For treatment studies, animals were randomized into treatment groups (10 animals per group) once tumors reached an average of approximately 75–100 mm³. The average tumor volume at the beginning of treatment was uniform across treatment groups. Upon randomization, animals were treated with anti-CTLA4 (clone 9D9 formatted on a mouse IgG2a backbone), anti-PD1 (clone J32 or 29F1A12 formatted on a mouse IgG1 N297G backbone), or an isotype control reagent. Animals were dosed three times, three days apart starting with the day of randomization. Body weight was measured once weekly and tumor volumes were measured twice weekly until the end of study.

Comparison of tumor volumes over time were conducted by comparing median survival of each group to an arbitrary tumor volume of greater than 800 mm³. Median survival for each group was compared using a Log-rank (Mantel-Cox) test in Prism (GraphPad, San Diego, CA). For chimerism and reconstitution analyses, all groups evaluated were compared to each other using a one-way ANOVA with multiple comparisons test in Prism.

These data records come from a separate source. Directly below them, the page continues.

(* Let $(D_d)_{d\in\mathbb N}$ be convex open sets $D_d\subset\mathbb R^d$ with $\lambda_d(D_d)=1$, let $L_{0,d},L_{1,d}>0$, and let \[ C_d^1(L)=\{f\in C^1(D_d)\mid\|f\|_\infty\le1,\ \operatorname{Lip}(f)\le L_{0,d},\ \operatorname{Lip}(\nabla f)\le L_{1,d}\},\qquad F_d^1=\{f\in C^1(D_d)\mid \operatorname{Lip}(\nabla f)\le L_{1,d}\}. \] If $\varepsilon\in(0,1)$ and $L_{1,d}\operatorname{diam}(D_d)^2\le\varepsilon$, then $n(\varepsilon,C_d^1(L))=n(\varepsilon,F_d^1)=1$. Hence, if $\lim_{d\to\infty}L_{1,d}\operatorname{diam}(D_d)^2=0$, then for every $\varepsilon\in(0,1)$, $n(\varepsilon,C_d^1(L))=n(\varepsilon,F_d^1)=1$ for all sufficiently large $d$.
   Context: $\operatorname{diam}(D)$ is the Euclidean diameter; Lipschitz constants are with respect to Euclidean norms on $D_d$. $n(\varepsilon,F_d)$ is the information complexity of integration $\int_{D_d}f(x)\,dx$ over $F_d$: the minimal number $n\ge0$ of function values (possibly adaptively chosen points in $D_d$, combined by an arbitrary map; constant algorithms when $n=0$) for which the worst-case error over $F_d$ is $\le\varepsilon$. *)

theory Defs
  imports "HOL-Analysis.Analysis"
begin

text \<open>fvec = real sequences with finite support, with the l2 inner product.
  The space R^d is the subspace Rd d of vectors supported in {0..<d}; on it the
  norm is the Euclidean norm.\<close>

typedef fvec = "{x::nat \<Rightarrow> real. finite {i. x i \<noteq> 0}}"
  morphisms coord Abs_fvec
  by (rule exI[of _ "\<lambda>_. 0"]) simp

setup_lifting type_definition_fvec

lemma fin_supp2:
  fixes x y :: "nat \<Rightarrow> real" and f :: "real \<Rightarrow> real \<Rightarrow> real"
  assumes "finite {i. x i \<noteq> 0}" "finite {i. y i \<noteq> 0}" "f 0 0 = 0"
  shows "finite {i. f (x i) (y i) \<noteq> 0}"
  by (rule finite_subset[of _ "{i. x i \<noteq> 0} \<union> {i. y i \<noteq> 0}"]) (use assms in auto)

instantiation fvec :: real_vector
begin
lift_definition zero_fvec :: fvec is "\<lambda>_. 0" by simp
lift_definition plus_fvec :: "fvec \<Rightarrow> fvec \<Rightarrow> fvec" is "\<lambda>x y i. x i + y i"
  by (rule fin_supp2[where f="(+)"]) auto
lift_definition minus_fvec :: "fvec \<Rightarrow> fvec \<Rightarrow> fvec" is "\<lambda>x y i. x i - y i"
  by (rule fin_supp2[where f="(-)"]) auto
lift_definition uminus_fvec :: "fvec \<Rightarrow> fvec" is "\<lambda>x i. - x i" by simp
lift_definition scaleR_fvec :: "real \<Rightarrow> fvec \<Rightarrow> fvec" is "\<lambda>r x i. r * x i"
  by (erule finite_subset[rotated]) auto
instance
  by standard (transfer; simp add: fun_eq_iff algebra_simps)+
end

lemma sum_supp_eq:
  fixes x y :: "nat \<Rightarrow> real"
  assumes "finite S" "{i. x i \<noteq> 0} \<subseteq> S" "finite {i. y i \<noteq> 0}"
  shows "(\<Sum>i\<in>{i. x i \<noteq> 0 \<or> y i \<noteq> 0}. x i * y i) = (\<Sum>i\<in>S. x i * y i)"
proof -
  have fin: "finite {i. x i \<noteq> 0 \<or> y i \<noteq> 0}"
    by (rule finite_subset[of _ "S \<union> {i. y i \<noteq> 0}"]) (use assms in auto)
  have "(\<Sum>i\<in>{i. x i \<noteq> 0 \<or> y i \<noteq> 0}. x i * y i) = (\<Sum>i\<in>{i. x i \<noteq> 0}. x i * y i)"
    by (rule sum.mono_neutral_right) (use assms fin in auto)
  also have "\<dots> = (\<Sum>i\<in>S. x i * y i)"
    by (rule sum.mono_neutral_left) (use assms in auto)
  finally show ?thesis .
qed

instantiation fvec :: real_inner
begin
lift_definition inner_fvec :: "fvec \<Rightarrow> fvec \<Rightarrow> real" is
  "\<lambda>x y. \<Sum>i\<in>{i. x i \<noteq> 0 \<or> y i \<noteq> 0}. x i * y i" .
definition norm_fvec :: "fvec \<Rightarrow> real" where "norm_fvec x = sqrt (inner x x)"
definition dist_fvec :: "fvec \<Rightarrow> fvec \<Rightarrow> real" where "dist_fvec x y = norm (x - y)"
definition sgn_fvec :: "fvec \<Rightarrow> fvec" where "sgn_fvec x = x /\<^sub>R norm x"
definition uniformity_fvec :: "(fvec \<times> fvec) filter" where
  "uniformity_fvec = (INF e\<in>{0<..}. principal {(x, y). dist x y < e})"
definition open_fvec :: "fvec set \<Rightarrow> bool" where
  "open_fvec U = (\<forall>x\<in>U. \<forall>\<^sub>F (x', y) in uniformity. x' = x \<longrightarrow> y \<in> U)"
instance
proof
  fix x y z :: fvec and r :: real
  show "inner x y = inner y x"
    by transfer (simp add: disj_commute mult.commute)
  show "inner (x + y) z = inner x z + inner y z"
  proof transfer
    fix x y z :: "nat \<Rightarrow> real"
    assume f: "finite {i. x i \<noteq> 0}" "finite {i. y i \<noteq> 0}" "finite {i. z i \<noteq> 0}"
    let ?S = "{i. x i \<noteq> 0} \<union> {i. y i \<noteq> 0}"
    have fS: "finite ?S" using f by simp
    have "(\<Sum>i\<in>{i. x i + y i \<noteq> 0 \<or> z i \<noteq> 0}. (x i + y i) * z i) = (\<Sum>i\<in>?S. (x i + y i) * z i)"
      by (rule sum_supp_eq) (use fS f in auto)
    moreover have "(\<Sum>i\<in>{i. x i \<noteq> 0 \<or> z i \<noteq> 0}. x i * z i) = (\<Sum>i\<in>?S. x i * z i)"
      by (rule sum_supp_eq) (use fS f in auto)
    moreover have "(\<Sum>i\<in>{i. y i \<noteq> 0 \<or> z i \<noteq> 0}. y i * z i) = (\<Sum>i\<in>?S. y i * z i)"
      by (rule sum_supp_eq) (use fS f in auto)
    ultimately show "(\<Sum>i\<in>{i. x i + y i \<noteq> 0 \<or> z i \<noteq> 0}. (x i + y i) * z i) =
       (\<Sum>i\<in>{i. x i \<noteq> 0 \<or> z i \<noteq> 0}. x i * z i) + (\<Sum>i\<in>{i. y i \<noteq> 0 \<or> z i \<noteq> 0}. y i * z i)"
      by (simp add: sum.distrib distrib_right)
  qed
  show "inner (r *\<^sub>R x) y = r * inner x y"
  proof transfer
    fix r :: real and x y :: "nat \<Rightarrow> real"
    assume f: "finite {i. x i \<noteq> 0}" "finite {i. y i \<noteq> 0}"
    let ?S = "{i. x i \<noteq> 0}"
    have "(\<Sum>i\<in>{i. r * x i \<noteq> 0 \<or> y i \<noteq> 0}. r * x i * y i) = (\<Sum>i\<in>?S. r * x i * y i)"
      using sum_supp_eq[of ?S "\<lambda>i. r * x i" y] f by auto
    moreover have "(\<Sum>i\<in>{i. x i \<noteq> 0 \<or> y i \<noteq> 0}. x i * y i) = (\<Sum>i\<in>?S. x i * y i)"
      by (rule sum_supp_eq) (use f in auto)
    ultimately show "(\<Sum>i\<in>{i. r * x i \<noteq> 0 \<or> y i \<noteq> 0}. r * x i * y i) = r * (\<Sum>i\<in>{i. x i \<noteq> 0 \<or> y i \<noteq> 0}. x i * y i)"
      by (simp add: sum_distrib_left mult.assoc)
  qed
  show "0 \<le> inner x x"
    by transfer (auto intro: sum_nonneg)
  show "inner x x = 0 \<longleftrightarrow> x = 0"
  proof transfer
    fix x :: "nat \<Rightarrow> real"
    assume f: "finite {i. x i \<noteq> 0}"
    have "(\<Sum>i\<in>{i. x i \<noteq> 0 \<or> x i \<noteq> 0}. x i * x i) = 0 \<longleftrightarrow> (\<forall>i\<in>{i. x i \<noteq> 0}. x i * x i = 0)"
      using f by (subst sum_nonneg_eq_0_iff) auto
    then show "((\<Sum>i\<in>{i. x i \<noteq> 0 \<or> x i \<noteq> 0}. x i * x i) = 0) = (x = (\<lambda>_. 0))"
      by (auto simp: fun_eq_iff)
  qed
  show "norm x = sqrt (inner x x)" by (simp add: norm_fvec_def)
  show "dist x y = norm (x - y)" by (simp add: dist_fvec_def)
  show "sgn x = x /\<^sub>R norm x" by (simp add: sgn_fvec_def)
qed (simp_all add: uniformity_fvec_def open_fvec_def)
end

To begin, we evaluated the reconstitution of hematopoietic cells in animals that had been irradiated using an X-ray based source. The X-ray irradiator used was purchased from Faxitron and irradiation was performed using the Thoraeus filter, a hybrid filter composed of tin, copper, and aluminum. This filter provides beam hardening at the expense of a lower dose rate. However, the overall dose rate was adjusted to provide roughly the same irradiation rate constant as the cesium irradiator used in these experiments. While previous publications had suggested that X-ray irradiation could provide comparable relative biological equivalent (RBE) at lower doses [3], our initial experiments compared a dose range of X-ray irradiation. A total dose range of 7 to 11 grays was performed. Animals were irradiated twice, with half the total dose delivered approximately four hours apart, prior to the introduction of congenic labeled bone marrow (CD45.1⁺). Animals were then provided antibiotics in drinking water supplied ad libitum for 5 d post irradiation to prevent any infections due to immunosuppression. Six to eight weeks later, animals were euthanized to determine the degree of chimerism in the blood and spleen. In these experiments, the recipient animal was CD45.1 (congenic) and the donor bone marrow was CD45.2 (WT for C57BL6). The overall degree of chimerism in the blood (Fig. 1A-1C) and the spleen (Fig. 1D-1F) was high with X-ray irradiation, with most populations showing >90% reconstitution with donor marrow (CD45.2⁺). Neutrophils (Ly6G⁺), myeloid cells (Ly6G^-, Ly6C⁺), B cells (B220⁺), and dendritic cells (CD11b⁺) all showed a significant and near complete reconstitution with donor marrow (Table 2). As previously published, a population of CD3⁺ T cells remains from the original host (CD45.1⁺) and represents a radio-resistant subset of the T cell population that would be expected to diminish over time [7].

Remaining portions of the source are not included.